Вторая ракета сошла с направляющей, но сержант не сумел взять над ней контроль, и ракета по крутой траектории унеслась вверх, потом пошла горизонтально и взорвалась над хребтом. На этом для него стрельба закончилась. Я начал пропускать других операторов и всё опять наладилось. Вместе с дивизионом мы начали методически расстреливать всё, что стояло на поле и постройки на его краю, даже особо не задумываясь, что наносим ущерб местным земледельцам. Попытался организовать стрельбу взводом, с марша. Но не получилось, стали барахлить машины, да и местность не совсем позволяла развернуть взвод. А через час к нам подъехали три противотанковые установки и БРДМ – это оказались противотанкисты 27 дивизии - с Тоцких лагерей. Разговорился с их командиром батареи и тот был удивлён тем, с какими проблемами мне приходится сталкиваться. Их начальство поступило по другому: вместо батареи полного состава они отобрали три самые лучшие установки – один взвод. Два командирских БРДМ и посчитали, что этого достаточно для противотанковой обороны полка. Естественно у командира батареи нет таких проблем с техникой, как у меня.

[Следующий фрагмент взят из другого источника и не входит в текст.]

definition bdry :: "'v set \<Rightarrow> 'v set set" where
  "bdry V = {F. F \<subset> V}"

definition bistellar_flip :: "nat \<Rightarrow> nat \<Rightarrow> 'v set set \<Rightarrow> 'v set set \<Rightarrow> bool" where
  "bistellar_flip d i \<Gamma> \<Gamma>' \<longleftrightarrow> i \<le> d \<and> (\<exists>A B.
      A \<in> \<Gamma> \<and> finite A \<and> card A = d - i + 1 \<and> finite B \<and> card B = i + 1 \<and>
      A \<inter> B = {} \<and> B \<notin> \<Gamma> \<and> link \<Gamma> A = bdry B \<and>
      \<Gamma>' = (\<Gamma> - join (Pow A) (bdry B)) \<union> join (bdry A) (Pow B))"

definition flip_step :: "nat \<Rightarrow> nat \<Rightarrow> 'v set set \<Rightarrow> 'v set set \<Rightarrow> bool" where
  "flip_step d k \<Gamma> \<Gamma>' \<longleftrightarrow> (\<exists>i. i \<le> k - 2 \<and> bistellar_flip d i \<Gamma> \<Gamma>')"

definition cx_iso :: "'v set set \<Rightarrow> 'w set set \<Rightarrow> bool" where
  "cx_iso \<Gamma> \<Gamma>' \<longleftrightarrow> (\<exists>g. inj_on g (\<Union>\<Gamma>) \<and> (\<lambda>F. g ` F) ` \<Gamma> = \<Gamma>')"

end

theory Submission
  imports Defs
begin
lemma continuous_map_fs_series:
  "continuous_map (subtopology (product_topology (\<lambda>_. euclideanreal) UNIV) sign_coeffs)
     (mtopology_of C01) fs_series"
  unfolding mtopology_of_def Metric_space.continuous_map_to_metric[OF Metric_space_mspace_mdist]
proof (intro ballI allI impI)
  fix \<theta> and \<epsilon> :: real
  assume "\<theta> \<in> topspace (subtopology (product_topology (\<lambda>_. euclideanreal) UNIV) sign_coeffs)"
    and \<epsilon>: "0 < \<epsilon>"
  then have \<theta>: "\<theta> \<in> sign_coeffs" by simp
  let ?q = "inverse (sqrt 2)"
  obtain N where N: "?q ^ N < \<epsilon> * (1 - ?q)"
    using real_arch_pow_inv[of "\<epsilon> * (1 - ?q)" ?q] \<epsilon> inverse_sqrt2_less_1 by auto
  define U where "U = {\<eta> \<in> sign_coeffs. \<forall>i\<in>{(m, k::int). m < N \<and> 0 \<le> k \<and> k < 2 ^ m}. \<eta> i = \<theta> i}"
  have "openin (subtopology (product_topology (\<lambda>_. euclideanreal) UNIV) sign_coeffs) U"
    unfolding U_def using \<theta> finite_levels_below by (rule openin_sign_coeffs_cylinder)
  moreover have "\<theta> \<in> U"
    using \<theta> by (simp add: U_def)
  moreover have "fs_series \<eta> \<in> Metric_space.mball (mspace C01) (mdist C01) (fs_series \<theta>) \<epsilon>"
    if \<eta>: "\<eta> \<in> U" for \<eta>
  proof -
    have "mdist C01 (fs_series \<theta>) (fs_series \<eta>) \<le> ?q ^ N / (1 - ?q)"
      using \<eta> by (intro mdist_fs_series_le) (auto simp: U_def abs_le_1_if_sign_coeffs[OF \<theta>] abs_le_1_if_sign_coeffs)
    also have "\<dots> < \<epsilon>"
      using N inverse_sqrt2_less_1 by (simp add: divide_less_eq)
    finally show ?thesis
      using \<eta> \<theta> fs_series_in_C01 abs_le_1_if_sign_coeffs
      by (simp add: U_def Metric_space.in_mball[OF Metric_space_mspace_mdist])
  qed
  ultimately show "\<exists>U. openin (subtopology (product_topology (\<lambda>_. euclideanreal) UNIV) sign_coeffs) U \<and>
      \<theta> \<in> U \<and> (\<forall>\<eta>\<in>U. fs_series \<eta> \<in> Metric_space.mball (mspace C01) (mdist C01) (fs_series \<theta>) \<epsilon>)"
    by blast
qed

lemma scrX_eq_image_sign_coeffs: "scrX = fs_series ` sign_coeffs"
proof
  show "fs_series ` sign_coeffs \<subseteq> scrX"
  proof
    fix x assume "x \<in> fs_series ` sign_coeffs"
    then obtain \<theta> where \<theta>: "\<theta> \<in> sign_coeffs" and x: "x = fs_series \<theta>" by blast
    have "uniform_limit {0..1}
        (\<lambda>n t. \<Sum>m<n. \<Sum>k\<in>{0..<2 ^ m}. \<theta> (m, k) * fs m k t) x sequentially"
      using uniform_limit_fs_series[OF abs_le_1_if_sign_coeffs[OF \<theta>]] by (simp add: x fs_level_def)
    moreover have "\<theta> (m, k) \<in> {-1, 1}" for m k
      using \<theta> by (rule sign_coeffsD)
    ultimately show "x \<in> scrX"
      unfolding scrX_def
      using continuous_on_fs_series[OF abs_le_1_if_sign_coeffs[OF \<theta>]]
      by (auto simp: x fs_series_def intro!: exI[of _ "\<lambda>m k. \<theta> (m, k)"])
  qed
next
  show "scrX \<subseteq> fs_series ` sign_coeffs"
  proof
    fix x assume "x \<in> scrX"
    then obtain \<theta> :: "nat \<Rightarrow> int \<Rightarrow> real" where
      ext: "x \<in> extensional {0..1}" and
      signs: "\<And>m k. 0 \<le> k \<Longrightarrow> k < 2 ^ m \<Longrightarrow> \<theta> m k \<in> {-1, 1}" and
      lim: "uniform_limit {0..1} (\<lambda>n t. \<Sum>m<n. \<Sum>k\<in>{0..<2 ^ m}. \<theta> m k * fs m k t) x sequentially"
      unfolding scrX_def by blast
    define \<phi> where "\<phi> = (\<lambda>(m, k). if 0 \<le> k \<and> k < 2 ^ m then \<theta> m k else 1)"
    have \<phi>: "\<phi> \<in> sign_coeffs"
      using signs by (auto simp: mem_sign_coeffs \<phi>_def)
    have "(\<Sum>k\<in>{0..<2 ^ m}. \<theta> m k * fs m k t) = fs_level \<phi> m t" for m t
      unfolding fs_level_def by (rule sum.cong) (simp_all add: \<phi>_def)
    then have lim\<phi>: "uniform_limit {0..1} (\<lambda>n t. \<Sum>m<n. fs_level \<phi> m t) x sequentially"
      using lim by simp
    have "x = fs_series \<phi>"
    proof (rule extensionalityI[OF ext])
      show "fs_series \<phi> \<in> extensional {0..1}"
        by (simp add: fs_series_def)
      fix t :: real assume t: "t \<in> {0..1}"
      show "x t = fs_series \<phi> t"
        using tendsto_uniform_limitI[OF lim\<phi> t]
          tendsto_uniform_limitI[OF uniform_limit_fs_series[OF abs_le_1_if_sign_coeffs[OF \<phi>]] t]
        by (rule LIMSEQ_unique)
    qed
    then show "x \<in> fs_series ` sign_coeffs"
      using \<phi> by blast
  qed
qed

theorem corollary2p5:
  shows "compactin (mtopology_of C01) scrX"
proof -
  have "compactin (subtopology (product_topology (\<lambda>_. euclideanreal) UNIV) sign_coeffs) sign_coeffs"
    using compactin_sign_coeffs by (simp add: compactin_subtopology)
  from image_compactin[OF this continuous_map_fs_series] show ?thesis
    by (simp add: scrX_eq_image_sign_coeffs)
qed

end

Закончил занятие и стал потихоньку двигаться в сторону лагеря и опять начались проблемы с техникой: то одна машина, то другая стали отставать или останавливаться. Дотянули до хутора, здесь остановились, чтобы набрать воды и посмотреть машины, а минут через десять подъехал подполковник Богатов, который опять обматерил меня за остановку в населённом пункте, да заодно и за состояние техники. Последнее время, особенно после пьянки в эшелоне, он стал относиться ко мне, и к батарее очень плохо. Не упустил случая, чтобы и сейчас высказать своё негативное отношение к нам. Проглотил я и это. Двинулись дальше. Как только прибыли в лагерь, сразу же решительно направился к Шпанагелю и быстро доказал, что такое боевое слаживание окончательно добьёт мне технику, и что я прошу три дня для приведения её в порядок. Полковник горестно вздохнул, но был вынужден согласиться с моими доводами.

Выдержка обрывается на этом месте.